Elysium’s Director Thinks His Hellish Paradise Is Our Future - dylandrop
http://www.wired.com/underwire/2013/07/blomkamp-elysium/

======
gnosis
Way back in 1984 (starting with _Neuromancer_ ), William Gibson wrote about an
orbiting space station owned by the super-rich.[1]

(WARNING: Spoilers below)

 _" Tessier-Ashpool is a fictional family appearing in William Gibson's Sprawl
trilogy novels. The family owns Freeside, a space station shaped like a
spindle Bernal sphere constructed in high orbit. The family resides in the
Villa Straylight, which occupies one end of the spindle._

 _The family is organized and run as a corporation, Tessier-Ashpool S.A..
Family members are kept under cryogenic stasis and thawed out periodically so
that governance of the family is cycled between members. According to "orbital
law" they are legally dead while cryogenically preserved._

...

 _The Tessier-Ashpools were founded with the marriage of scions of two
powerful families: Marie-France Tessier, who was Swiss and John Harness
Ashpool, an Australian who inherited a Melbourne engineering company.
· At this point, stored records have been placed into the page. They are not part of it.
lemma supp_abs_components_eps_subset:
  assumes pa: "perm_action act" and fin: "finite N"
    and N: "\<And>s. s \<in> S \<Longrightarrow> supp (Tact (Fact act)) s \<subseteq> N"
  shows "supp (Tact (absact (Tact act))) ((\<lambda>g. snd (snd g)) ` eps act ` S) \<subseteq> N"
proof -
  have "supports (Tact (absact (Tact act))) N ((\<lambda>s. snd (snd (eps act s))) ` S)"
  proof (rule supports_image_eqvt[where act = "Tact (Fact act)"])
    show "perm_action (Tact (Fact act))" using pa by simp
    show "absact (Tact act) p (snd (snd (eps act s))) = snd (snd (eps act (Tact (Fact act) p s)))"
      if "fperm p" "s \<in> S" for p s
      using absact_snd_snd_eps[OF pa that(1) finite_subset[OF N[OF that(2)] fin]] .
  qed (rule N)
  then show ?thesis using fin by (simp add: image_image supp_subset)
qed

lemma Gmap_Union_rho_eps:
  assumes pa: "perm_action act" and fin: "finite N"
    and N: "\<And>s. s \<in> S \<Longrightarrow> supp (Tact (Fact act)) s \<subseteq> N" and a: "a \<notin> N"
  shows "Gmap \<Union> (Tact act) (rho (Tact act) (eps act ` S))
    = (\<exists>s\<in>S. FStar \<in> s, \<lambda>b. \<Union>s\<in>S. {x. FPair b x \<in> s}, abs (Tact act) a (abs_preimage act FAbs a (\<Union> S)))"
proof -
  have fin_s: "finite (supp (Tact (Fact act)) s)" if "s \<in> S" for s
    using N[OF that] fin by (rule finite_subset)
  define P where "P = (\<lambda>g. snd (snd g)) ` eps act ` S"
  have supp_P: "supp (Tact (absact (Tact act))) P \<subseteq> N"
    unfolding P_def by (rule supp_abs_components_eps_subset[OF pa fin N])
  have fin_P: "finite (supp (Tact (absact (Tact act))) P)" using supp_P fin by (rule finite_subset)
  have "eps act s = (FStar \<in> s, \<lambda>b. {x. FPair b x \<in> s}, abs (Tact act) a (abs_preimage act FAbs a s))"
    if "s \<in> S" for s
    using eps_fresh[OF pa fin_s[OF that]] a N[OF that] by blast
  then have P_a: "P = (\<lambda>s. abs (Tact act) a (abs_preimage act FAbs a s)) ` S"
    unfolding P_def image_image by simp
  have "abs (Tact act) a Y = abs (Tact act) a (abs_preimage act FAbs a s) \<longleftrightarrow> Y = abs_preimage act FAbs a s"
    if "s \<in> S" for s Y
    using abs_inject[OF perm_action_Tact[OF pa]
        finite_supp_abs_preimage[OF pa perm_action_Fact[OF pa] eqvt_FAbs fin_s[OF that]]]
    by metis
  then have "abs_preimage (Tact act) id a P = abs_preimage act FAbs a ` S"
    unfolding abs_preimage_def[of "Tact act" id] P_a by auto
  then have Union_eq: "\<Union> (abs_preimage (Tact act) id a P) = abs_preimage act FAbs a (\<Union> S)"
    unfolding abs_preimage_def by blast
  have absmap_eq: "absmap (Tact act) \<Union> (abs (Tact (Tact act)) a (abs_preimage (Tact act) id a P))
      = abs (Tact act) a (\<Union> (abs_preimage (Tact act) id a P))"
    using pa fin_P by (intro absmap_abs eqvt_Union finite_supp_abs_preimage[OF _ _ eqvt_id]) simp_all
  have "a \<notin> supp (Tact (absact (Tact act))) P" using supp_P a by blast
  then have rho_eq: "rho (Tact act) (eps act ` S) = (True \<in> fst ` eps act ` S,
      \<lambda>b. {f b | f. f \<in> (\<lambda>g. fst (snd g)) ` eps act ` S},
      abs (Tact (Tact act)) a (abs_preimage (Tact act) id a P))"
    using rho_fresh[OF perm_action_Tact[OF pa] fin_P[unfolded P_def]] unfolding P_def by blast
  have FStar_eq: "True \<in> fst ` eps act ` S \<longleftrightarrow> (\<exists>s\<in>S. FStar \<in> s)"
    by (simp add: image_image image_iff)
  have FPair_eq: "\<Union> {f b | f. f \<in> (\<lambda>g. fst (snd g)) ` eps act ` S} = (\<Union>s\<in>S. {x. FPair b x \<in> s})" for b
    by (auto simp: Setcompr_eq_image image_image)
  show ?thesis
    unfolding rho_eq Gmap_def prod.case absmap_eq Union_eq FStar_eq by (simp add: o_def FPair_eq)
qed

lemma eps_Union_lam:
  assumes pa: "perm_action act" and S: "S \<in> Tc (Fc (Tc X act) (Tact act)) (Fact (Tact act))"
  shows "eps act (\<Union> (lam act ` S)) = Gmap \<Union> (Tact act) (eps (Tact act) S)"
proof -
  define N where "N = (\<Union>t\<in>S. supp (Fact (Tact act)) t)"
  have S_Fc: "S \<subseteq> Fc (Tc X act) (Tact act)" and fin: "finite N"
    using S by (auto simp: Tc_def N_def)
  have supp_t: "supp (Fact (Tact act)) t \<subseteq> N" if "t \<in> S" for t
    using that by (auto simp: N_def)
  have supp_S: "supp (Tact (Fact (Tact act))) S \<subseteq> N"
    unfolding N_def by (rule supp_Tact_subset) (use pa fin in \<open>simp_all add: N_def\<close>)
  have supp_Z: "supp (Tact (Fact act)) (\<Union> (lam act ` S)) \<subseteq> N"
    by (rule supp_Union_lam_subset[OF pa S_Fc fin supp_t])
  obtain a where a: "a \<notin> N" using exists_fresh_name[OF fin] by blast
  have "eps act (\<Union> (lam act ` S)) = (FStar \<in> \<Union> (lam act ` S),
      \<lambda>b. {s. FPair b s \<in> \<Union> (lam act ` S)}, abs (Tact act) a (abs_preimage act FAbs a (\<Union> (lam act ` S))))"
    using supp_Z a by (intro eps_fresh pa finite_subset[OF supp_Z fin]) blast
  also have "\<dots> = (FStar \<in> S, \<lambda>b. \<Union> {T. FPair b T \<in> S},
      abs (Tact act) a (\<Union> (abs_preimage (Tact act) FAbs a S)))"
  proof -
    have "abs_preimage act FAbs a (\<Union> (lam act ` S)) = \<Union> (abs_preimage (Tact act) FAbs a S)"
      by (rule abs_preimage_Union_lam[OF pa S_Fc]) (use supp_t a in blast)
    moreover have "{s. FPair b s \<in> \<Union> (lam act ` S)} = \<Union> {T. FPair b T \<in> S}" for b
      by (auto simp: FPair_mem_lam)
    ultimately show ?thesis by (simp add: FStar_mem_lam)
  qed
  also have "\<dots> = Gmap \<Union> (Tact act) (eps (Tact act) S)"
    using supp_S a by (intro Gmap_Union_eps[symmetric] pa finite_subset[OF supp_S fin]) blast
  finally show ?thesis .
qed

lemma eps_Union:
  assumes pa: "perm_action act" and S: "S \<in> Tc (Tc (Fc X act) (Fact act)) (Tact (Fact act))"
  shows "eps act (\<Union> S) = Gmap \<Union> (Tact act) (rho (Tact act) (eps act ` S))"
proof -
  define N where "N = (\<Union>s\<in>S. supp (Tact (Fact act)) s)"
  have fin: "finite N" using S unfolding N_def Tc_def by blast
  have supp_s: "supp (Tact (Fact act)) s \<subseteq> N" if "s \<in> S" for s
    using that by (auto simp: N_def)
  have supp_S: "supp (Tact (Tact (Fact act))) S \<subseteq> N"
    unfolding N_def by (rule supp_Tact_subset) (use pa fin in \<open>simp_all add: N_def\<close>)
  have "supp (Tact (Fact act)) (\<Union> S) \<subseteq> supp (Tact (Tact (Fact act))) S"
    using pa finite_subset[OF supp_S fin] by (intro supp_eqvt_subset[OF _ eqvt_Union]) simp_all
  then have supp_Z: "supp (Tact (Fact act)) (\<Union> S) \<subseteq> N" using supp_S by blast
  obtain a where a: "a \<notin> N" using exists_fresh_name[OF fin] by blast
  have "eps act (\<Union> S) = (FStar \<in> \<Union> S, \<lambda>b. {s. FPair b s \<in> \<Union> S},
      abs (Tact act) a (abs_preimage act FAbs a (\<Union> S)))"
    using supp_Z a by (intro eps_fresh pa finite_subset[OF supp_Z fin]) blast
  also have "\<dots> = Gmap \<Union> (Tact act) (rho (Tact act) (eps act ` S))"
    using Gmap_Union_rho_eps[OF pa fin supp_s a] by auto
  finally show ?thesis .
qed

theorem lemma4p20:
  fixes X :: "'x set" and act :: "(name \<Rightarrow> name) \<Rightarrow> 'x \<Rightarrow> 'x"
  assumes "nominal_set X act"
  shows "(\<forall>S \<in> Tc (Fc (Tc X act) (Tact act)) (Fact (Tact act)).
            eps act (\<Union> (lam act ` S)) = Gmap \<Union> (Tact act) (eps (Tact act) S))
       \<and> (\<forall>S \<in> Tc (Tc (Fc X act) (Fact act)) (Tact (Fact act)).
            eps act (\<Union> S) = Gmap \<Union> (Tact act) (rho (Tact act) (eps act ` S)))"
proof -
  have pa: "perm_action act" using assms by (rule nominal_set_perm_action)
  show ?thesis using eps_Union_lam[OF pa] eps_Union[OF pa] by blast
qed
After
the two were married, Ashpool began construction of Freeside in high orbit due
to the relatively relaxed laws governing construction._

 _The family became extremely successful financially, developing the attached
space station, sponsoring human colonization of space, and acquiring a number
of other firms which subsequently flourished._

...

 _However, following the death of Marie-France, the family became extremely
reclusive. Family members, including Ashpool, tended to place themselves in
cryogenic sleep. At any one given time, only one or two of the children would
be awake. They are also known for cloning their own assassins, "vat-grown"
ninja who follow their orders without question._

...

 _By the time of Neuromancer the family has become extremely degenerate and
dysfunctional. The patriarch Ashpool spends almost all of his time in
cryogenic stasis. A dissolute alcoholic and heavy drug user, when he is
awakened for the final time he has sex with and subsequently murders a clone
of his daughter prior to committing suicide. "_

[1] -
[https://en.wikipedia.org/wiki/Tessier_Ashpool](https://en.wikipedia.org/wiki/Tessier_Ashpool)

------
cryptoz
The future as described in 2312 by Kim Stanley Robinson I think is more
likely, perhaps scarier even, and taken to levels beyond Elysium (though don't
get me wrong, I'm very excited for Elysium).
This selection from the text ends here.